_HOW TO COMPLETE THIS TASK:_ Please output exactly the part of the records below that opens with the line containing "j then complex_of_real" and closes with the line containing "(1 / (2 * pi * \<i>)) *", both lines included, and nothing else.

(PROVIDED MATERIAL begins)

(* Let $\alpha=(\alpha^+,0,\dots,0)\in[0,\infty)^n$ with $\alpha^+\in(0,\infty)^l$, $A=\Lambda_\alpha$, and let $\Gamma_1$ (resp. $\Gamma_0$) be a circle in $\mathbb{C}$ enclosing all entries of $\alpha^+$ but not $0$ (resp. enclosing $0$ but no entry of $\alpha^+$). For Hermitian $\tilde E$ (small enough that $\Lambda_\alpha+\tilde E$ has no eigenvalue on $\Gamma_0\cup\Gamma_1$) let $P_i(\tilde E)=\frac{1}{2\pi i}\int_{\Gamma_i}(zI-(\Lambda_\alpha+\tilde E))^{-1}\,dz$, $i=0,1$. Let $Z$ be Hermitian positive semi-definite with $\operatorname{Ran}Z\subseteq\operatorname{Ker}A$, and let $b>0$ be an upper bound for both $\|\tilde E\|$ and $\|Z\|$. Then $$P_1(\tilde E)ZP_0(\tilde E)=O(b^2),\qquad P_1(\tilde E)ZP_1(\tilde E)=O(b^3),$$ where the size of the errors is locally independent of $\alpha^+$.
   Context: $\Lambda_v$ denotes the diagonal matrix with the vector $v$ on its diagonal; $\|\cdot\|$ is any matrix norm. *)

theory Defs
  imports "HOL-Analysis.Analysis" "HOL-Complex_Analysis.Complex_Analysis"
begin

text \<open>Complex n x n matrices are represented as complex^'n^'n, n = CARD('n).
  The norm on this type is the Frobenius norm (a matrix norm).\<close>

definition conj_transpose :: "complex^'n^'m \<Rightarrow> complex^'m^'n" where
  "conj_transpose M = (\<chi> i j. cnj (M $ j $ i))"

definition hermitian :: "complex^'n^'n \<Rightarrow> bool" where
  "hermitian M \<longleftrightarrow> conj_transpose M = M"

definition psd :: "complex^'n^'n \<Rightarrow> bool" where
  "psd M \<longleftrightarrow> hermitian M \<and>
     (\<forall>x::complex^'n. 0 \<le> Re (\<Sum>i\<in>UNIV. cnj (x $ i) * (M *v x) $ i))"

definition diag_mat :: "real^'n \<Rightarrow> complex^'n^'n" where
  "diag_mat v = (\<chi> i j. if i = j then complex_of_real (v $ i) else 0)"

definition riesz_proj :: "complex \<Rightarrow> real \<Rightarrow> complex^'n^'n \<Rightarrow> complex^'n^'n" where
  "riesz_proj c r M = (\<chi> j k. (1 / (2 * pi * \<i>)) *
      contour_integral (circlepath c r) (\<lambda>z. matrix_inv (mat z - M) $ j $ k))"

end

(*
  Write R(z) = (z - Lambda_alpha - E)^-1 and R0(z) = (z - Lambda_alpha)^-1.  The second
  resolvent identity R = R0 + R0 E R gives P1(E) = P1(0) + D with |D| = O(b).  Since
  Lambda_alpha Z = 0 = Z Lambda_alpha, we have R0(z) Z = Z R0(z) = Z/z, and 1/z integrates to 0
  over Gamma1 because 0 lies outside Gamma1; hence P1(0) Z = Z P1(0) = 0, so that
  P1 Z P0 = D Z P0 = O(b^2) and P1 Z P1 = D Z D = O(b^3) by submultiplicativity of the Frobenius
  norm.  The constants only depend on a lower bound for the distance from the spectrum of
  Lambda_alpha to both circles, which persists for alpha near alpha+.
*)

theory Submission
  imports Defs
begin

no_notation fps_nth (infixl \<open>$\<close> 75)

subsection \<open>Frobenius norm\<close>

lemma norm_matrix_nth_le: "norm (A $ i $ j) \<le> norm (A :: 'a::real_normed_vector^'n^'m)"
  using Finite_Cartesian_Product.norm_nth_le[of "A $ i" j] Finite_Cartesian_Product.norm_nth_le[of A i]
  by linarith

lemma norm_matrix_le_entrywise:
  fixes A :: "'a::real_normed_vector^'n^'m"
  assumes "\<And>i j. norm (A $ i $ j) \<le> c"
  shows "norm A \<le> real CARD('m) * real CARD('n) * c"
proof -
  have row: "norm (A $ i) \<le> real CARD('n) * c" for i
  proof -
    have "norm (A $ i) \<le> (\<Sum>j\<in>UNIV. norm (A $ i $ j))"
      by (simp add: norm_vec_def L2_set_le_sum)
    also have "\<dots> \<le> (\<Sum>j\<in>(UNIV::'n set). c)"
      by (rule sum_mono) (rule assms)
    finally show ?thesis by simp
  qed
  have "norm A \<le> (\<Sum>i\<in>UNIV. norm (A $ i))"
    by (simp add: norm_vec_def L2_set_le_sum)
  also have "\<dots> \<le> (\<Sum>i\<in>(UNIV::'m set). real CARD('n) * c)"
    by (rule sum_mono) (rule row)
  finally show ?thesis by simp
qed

(PROVIDED MATERIAL ends)

_RESULT:_
  "diag_mat v = (\<chi> i j. if i = j then complex_of_real (v $ i) else 0)"

definition riesz_proj :: "complex \<Rightarrow> real \<Rightarrow> complex^'n^'n \<Rightarrow> complex^'n^'n" where
  "riesz_proj c r M = (\<chi> j k. (1 / (2 * pi * \<i>)) *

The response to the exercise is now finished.